214 Thanks for the in depth criticism! And yeah, the whole pompous writing style was deliberate in establishing Twinkle's personality - I've always found flawed and unlikeable narrators the more fun :P The next chapter will be written slightly more objectively, as it'll mostly be an account of the Princess' tale (albeit through the eyes of Twinkle). Thanks again!

I noticed you never mentioned the Princess's name. Does this mean it's a different name? Like maybe...TWILIGHT? Is she the princess or is it still Celestia?

This was really cool though. Very nice.

I like the high level of grammer used! Very nice and can't wait for next, ^^

After reading the reviews thus far, I'm glad to see that the overly grandiose diction was something you chose to do rather than your usual mode of writing. Still rubbed me the wrong way, but only when the Princess was speaking. It just felt so out of character... but then, that's the fun of an unreliable, flawed narrator.

Knowing what I do now, I look forward to more.:pinkiehappy:

25531 Huh, I totally noticed that too! Funny, that.
28440 Yeah, grammar is totally my strong point, let's just hope that the storytelling will match it :P
30556 Yep, don't worry too much about the diction, as you figured out, it's only being used to suit the character. As for the Princess acting out of character...you appear to be assuming something about the identity of the Princess... but yeah, the anon. Princess' dialogue is being somewhat formalised by Twinkle.
47076 Wouldn't call it a series quite yet...but hopefully it'll evolve into more than a prologue sometime in the not-so-distant future
47076 Yes sir/ma'am! Please don't hurt me, sir/ma'am! I'll do my very bestest sir/ma'am!

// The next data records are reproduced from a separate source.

lemma card_eq_sum_card_colour_classes:
  assumes "finite A" and "\<And>z. z \<in> A \<Longrightarrow> g z < (k::nat)"
  shows "card A = (\<Sum>i<k. card {z\<in>A. g z = i})"
proof -
  have "A = (\<Union>i<k. {z\<in>A. g z = i})" using assms(2) by blast
  also have "card \<dots> = (\<Sum>i<k. card {z\<in>A. g z = i})"
    using assms(1) by (intro card_UN_disjoint) auto
  finally show ?thesis .
qed

lemma colour_class_with_large_degree_sum:
  assumes "finite W" and colours: "\<And>y z. y \<in> W \<Longrightarrow> z \<in> W \<Longrightarrow> y \<noteq> z \<Longrightarrow> col y z < k"
    and "2 * k * d < card W - 1"
  obtains i where "i < k" and "2 * d * card W < (\<Sum>y\<in>W. card {z\<in>W. z \<noteq> y \<and> col y z = i})"
proof -
  let ?deg = "\<lambda>i y. card {z\<in>W. z \<noteq> y \<and> col y z = i}"
  have "\<exists>i<k. 2 * d * card W < (\<Sum>y\<in>W. ?deg i y)"
  proof (rule ccontr)
    assume "\<not> ?thesis"
    then have sparse: "\<forall>i<k. (\<Sum>y\<in>W. ?deg i y) \<le> 2 * d * card W" by (meson not_less)
    have "card W * (card W - 1) = (\<Sum>y\<in>W. card (W - {y}))"
      using assms(1) by simp
    also have "\<dots> = (\<Sum>y\<in>W. \<Sum>i<k. ?deg i y)"
    proof (rule sum.cong)
      fix y assume "y \<in> W"
      then have "card (W - {y}) = (\<Sum>i<k. card {z\<in>W - {y}. col y z = i})"
        using assms(1) colours by (intro card_eq_sum_card_colour_classes) auto
      also have "\<dots> = (\<Sum>i<k. ?deg i y)"
        by (intro sum.cong refl arg_cong[where f = card]) blast
      finally show "card (W - {y}) = (\<Sum>i<k. ?deg i y)" .
    qed simp
    also have "\<dots> = (\<Sum>i<k. \<Sum>y\<in>W. ?deg i y)"
      by (rule sum.swap)
    also have "\<dots> \<le> (\<Sum>i<k. 2 * d * card W)"
      using sparse by (intro sum_mono) simp
    also have "\<dots> = card W * (2 * k * d)" by simp
    finally have "card W - 1 \<le> 2 * k * d"
      using assms(3) by (simp add: mult_le_cancel1)
    then show False using assms(3) by linarith
  qed
  then show thesis using that by blast
qed

lemma monochromatic_subgraph_with_min_degree:
  assumes "finite W" and "\<And>y z. col y z = col z y"
    and "\<And>y z. y \<in> W \<Longrightarrow> z \<in> W \<Longrightarrow> y \<noteq> z \<Longrightarrow> col y z < k"
    and "2 * k * d < card W - 1"
  obtains i D where "i < k" and "D \<subseteq> W" and "D \<noteq> {}"
    and "\<And>y. y \<in> D \<Longrightarrow> d < card {z\<in>D. z \<noteq> y \<and> col y z = i}"
proof -
  obtain i where "i < k" and "2 * d * card W < (\<Sum>y\<in>W. card {z\<in>W. z \<noteq> y \<and> col y z = i})"
    using assms(1,3,4) by (rule colour_class_with_large_degree_sum)
  moreover have "symp (\<lambda>y z. z \<noteq> y \<and> col y z = i)"
    using assms(2) by (auto intro: sympI)
  ultimately obtain D where "D \<subseteq> W" and "D \<noteq> {}"
    and "\<And>y. y \<in> D \<Longrightarrow> d < card {z\<in>D. z \<noteq> y \<and> col y z = i}"
    using subgraph_with_min_degree[OF assms(1)] by blast
  with \<open>i < k\<close> show thesis by (rule that)
qed

lemma simple_graph_edge_at:
  assumes "simple_graph V E" and "e \<in> E" and "v \<in> e"
  obtains u where "e = {v, u}" and "u \<in> V - {v}"
proof -
  obtain a b where "e = {a, b}" "a \<noteq> b" "e \<subseteq> V"
    using assms(1,2) card_2_iff unfolding simple_graph_def by metis
  with assms(3) show thesis by (auto intro: that)
qed

text \<open>The host vertices whose hyperedge, together with the fixed set T, carries the edge e of G.\<close>
definition carrier_pair :: "'a \<Rightarrow> ('a \<Rightarrow> 'b) \<Rightarrow> ('a \<Rightarrow> 'b) \<Rightarrow> 'a set \<Rightarrow> 'b set" where
  "carrier_pair v \<phi> w e =
     (if v \<in> e then {\<phi> (the_elem (e - {v})), w (the_elem (e - {v}))} else \<phi> ` e)"

lemma carrier_pair_apex: "u \<noteq> v \<Longrightarrow> carrier_pair v \<phi> w {v, u} = {\<phi> u, w u}"
  by (simp add: carrier_pair_def insert_Diff_if)

lemma carrier_pair_avoiding: "v \<notin> e \<Longrightarrow> carrier_pair v \<phi> w e = \<phi> ` e"
  by (simp add: carrier_pair_def)

text \<open>Pairs of edges avoiding v lie inside the image of \<phi>; the pair of {v, u} meets it exactly
  in \<phi> u and sticks out of it at w u.\<close>
lemma inj_on_carrier_pair:
  assumes G: "simple_graph V E" and inj: "inj_on \<phi> (V - {v})"
    and fresh: "\<And>u. u \<in> V - {v} \<Longrightarrow> w u \<notin> \<phi> ` (V - {v})"
  shows "inj_on (carrier_pair v \<phi> w) E"
proof (rule inj_onI)
  let ?U = "V - {v}" and ?P = "carrier_pair v \<phi> w"
  have apex: "?P e \<inter> \<phi> ` ?U = {\<phi> u} \<and> \<not> ?P e \<subseteq> \<phi> ` ?U"
    if "e = {v, u}" "u \<in> ?U" for e u
    using that fresh[of u] carrier_pair_apex[of u v \<phi> w] by auto
  have avoiding: "e \<subseteq> ?U \<and> ?P e \<subseteq> \<phi> ` ?U" if "e \<in> E" "v \<notin> e" for e
    using that G carrier_pair_avoiding[of v e \<phi> w] by (auto simp: simple_graph_def)
  fix e e' assume e: "e \<in> E" and e': "e' \<in> E" and eq: "?P e = ?P e'"
  show "e = e'"
  proof (cases "v \<in> e"; cases "v \<in> e'")
    assume "v \<in> e" "v \<in> e'"
    obtain u u' where "e = {v, u}" "u \<in> ?U" "e' = {v, u'}" "u' \<in> ?U"
      using simple_graph_edge_at[OF G e \<open>v \<in> e\<close>] simple_graph_edge_at[OF G e' \<open>v \<in> e'\<close>] by metis
    moreover from this have "\<phi> u = \<phi> u'" using apex eq by (metis singleton_inject)
    ultimately show ?thesis using inj by (metis inj_onD)
  next
    assume "v \<in> e" "v \<notin> e'"
    then show ?thesis using simple_graph_edge_at[OF G e] apex avoiding[OF e'] eq by metis
  next
    assume "v \<notin> e" "v \<in> e'"
    then show ?thesis using simple_graph_edge_at[OF G e'] apex avoiding[OF e] eq by metis
  next
    assume "v \<notin> e" "v \<notin> e'"
    then show ?thesis using avoiding[OF e] avoiding[OF e'] eq inj_on_image_eq_iff[OF inj]
      carrier_pair_avoiding[of v _ \<phi> w] by metis
  qed
qed

lemma berge_copy_from_min_degree:
  assumes G: "simple_graph V E" and "v \<in> V"
    and forest: "acyclic_graph (del_vertex_V V v) (del_vertex_E E v)"
    and "finite D" and "D \<noteq> {}" and "symp L"
    and min_degree: "\<And>y. y \<in> D \<Longrightarrow> card V \<le> card {z\<in>D. L y z}"
    and "D \<inter> T = {}" and "t \<in> T" and "D \<union> T \<subseteq> X"
    and hyperedges: "\<And>y z. y \<in> D \<Longrightarrow> z \<in> D \<Longrightarrow> L y z \<Longrightarrow> {y, z} \<union> T \<in> H"
  shows "contains_berge V E X H"
proof -
  let ?U = "V - {v}" and ?EF = "del_vertex_E E v"
  have "finite V" and edges: "\<forall>e\<in>E. e \<subseteq> V \<and> card e = 2"
    using G by (auto simp: simple_graph_def)
  have "card ?U < card V" using \<open>finite V\<close> \<open>v \<in> V\<close> by (rule card_Diff1_less)
  obtain \<phi> w where inj: "inj_on \<phi> ?U" and into: "\<phi> ` ?U \<subseteq> D"
    and adj: "\<And>a b. {a, b} \<in> ?EF \<Longrightarrow> L (\<phi> a) (\<phi> b)"
    and w_in: "\<And>u. u \<in> ?U \<Longrightarrow> w u \<in> D" and w_fresh: "\<And>u. u \<in> ?U \<Longrightarrow> w u \<notin> \<phi> ` ?U"
    and w_adj: "\<And>u. u \<in> ?U \<Longrightarrow> L (\<phi> u) (w u)"
  proof (rule forest_embeds_with_fresh_neighbours)
    show "finite ?U" "\<forall>e\<in>?EF. e \<subseteq> ?U \<and> card e = 2" using \<open>finite V\<close> edges
      by (auto simp: del_vertex_E_def)
    show "acyclic_graph ?U ?EF" using forest by (simp add: del_vertex_V_def)
    show "card ?U < card {z\<in>D. L y z}" if "y \<in> D" for y
      using min_degree[OF that] \<open>card ?U < card V\<close> by linarith
  qed (use assms(4-6) in blast)+
  let ?P = "carrier_pair v \<phi> w" and ?\<Phi> = "\<phi>(v := t)"
  have hyperedge: "?P e \<union> T \<in> H \<and> ?P e \<subseteq> D \<and> ?\<Phi> ` e \<subseteq> ?P e \<union> T" if e: "e \<in> E" for e
  proof (cases "v \<in> e")
    case True
    then obtain u where "e = {v, u}" "u \<in> ?U" using simple_graph_edge_at[OF G e] by blast
    then show ?thesis using carrier_pair_apex[of u v \<phi> w] hyperedges[of "\<phi> u" "w u"]
      into w_in w_adj \<open>t \<in> T\<close> by auto
  next
    case False
    have "card e = 2" using e edges by blast
    then obtain a b where "e = {a, b}" by (meson card_2_iff)
    moreover have "e \<in> ?EF" "e \<subseteq> ?U" using e edges False by (auto simp: del_vertex_E_def)
    ultimately show ?thesis using False carrier_pair_avoiding[of v e \<phi> w] hyperedges[of "\<phi> a" "\<phi> b"]
      adj[of a b] into by auto
  qed
  have "inj_on (\<lambda>e. ?P e \<union> T) E"
  proof (rule inj_onI)
    fix e e' assume "e \<in> E" "e' \<in> E" "?P e \<union> T = ?P e' \<union> T"
    moreover from this have "?P e = ?P e'" using hyperedge \<open>D \<inter> T = {}\<close> by blast
    ultimately show "e = e'" using inj_on_carrier_pair[OF G inj w_fresh] by (meson inj_onD)
  qed
  moreover have "inj_on ?\<Phi> V"
  proof -
    have "t \<notin> \<phi> ` ?U" using into \<open>t \<in> T\<close> \<open>D \<inter> T = {}\<close> by blast
    then have "inj_on ?\<Phi> (insert v ?U)" by (intro inj_on_fun_upd_insert[OF inj]) simp_all
    then show ?thesis using \<open>v \<in> V\<close> by (simp add: insert_absorb)
  qed
  moreover have "?\<Phi> ` V \<subseteq> X"
    using into \<open>t \<in> T\<close> \<open>D \<union> T \<subseteq> X\<close> by (auto simp: image_subset_iff)
  ultimately show ?thesis
    unfolding contains_berge_def using hyperedge
    by (intro exI[of _ ?\<Phi>] exI[of _ "\<lambda>e. ?P e \<union> T"] conjI ballI) auto
qed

Yeah, thanks for the comments guys, I'm going to try use these as a basis to work my way out of writer's block. To cut a long story short, I'm trying to work out a few niggles in the overall plotline and encorporate the bright humor of the show with the serious motif of the story.

47185

Don't worry, I won't hurt you. :pinkiesmile:

That would get in the way of you doing the story. :pinkiecrazy:

WRITE MOAR!

I now want to know why the Elements of Harmony are hated.

Please, may I have moar? :fluttershysad:

287
How long is five days now?

This was great~ ^^

Great start!

Looking forward for the next chapter :)

Please write more! or else Flutter will :fluttercry: PLEASE! MUST HAZ MOAR

4186 Indeed... please explain ohwriter of the ancient story

5140006 This story is years old. I don't think there is a next chapter.

5394902 I am fairly sure that this is in fact the very first story ever completed on fimfiction. Ironically its not necassarily complete but simply the first published story. It will unfortunately most likely never be completed despite its status as practically being a relic of fimfiction, the first story.

1980784 About 179 weeks more than that.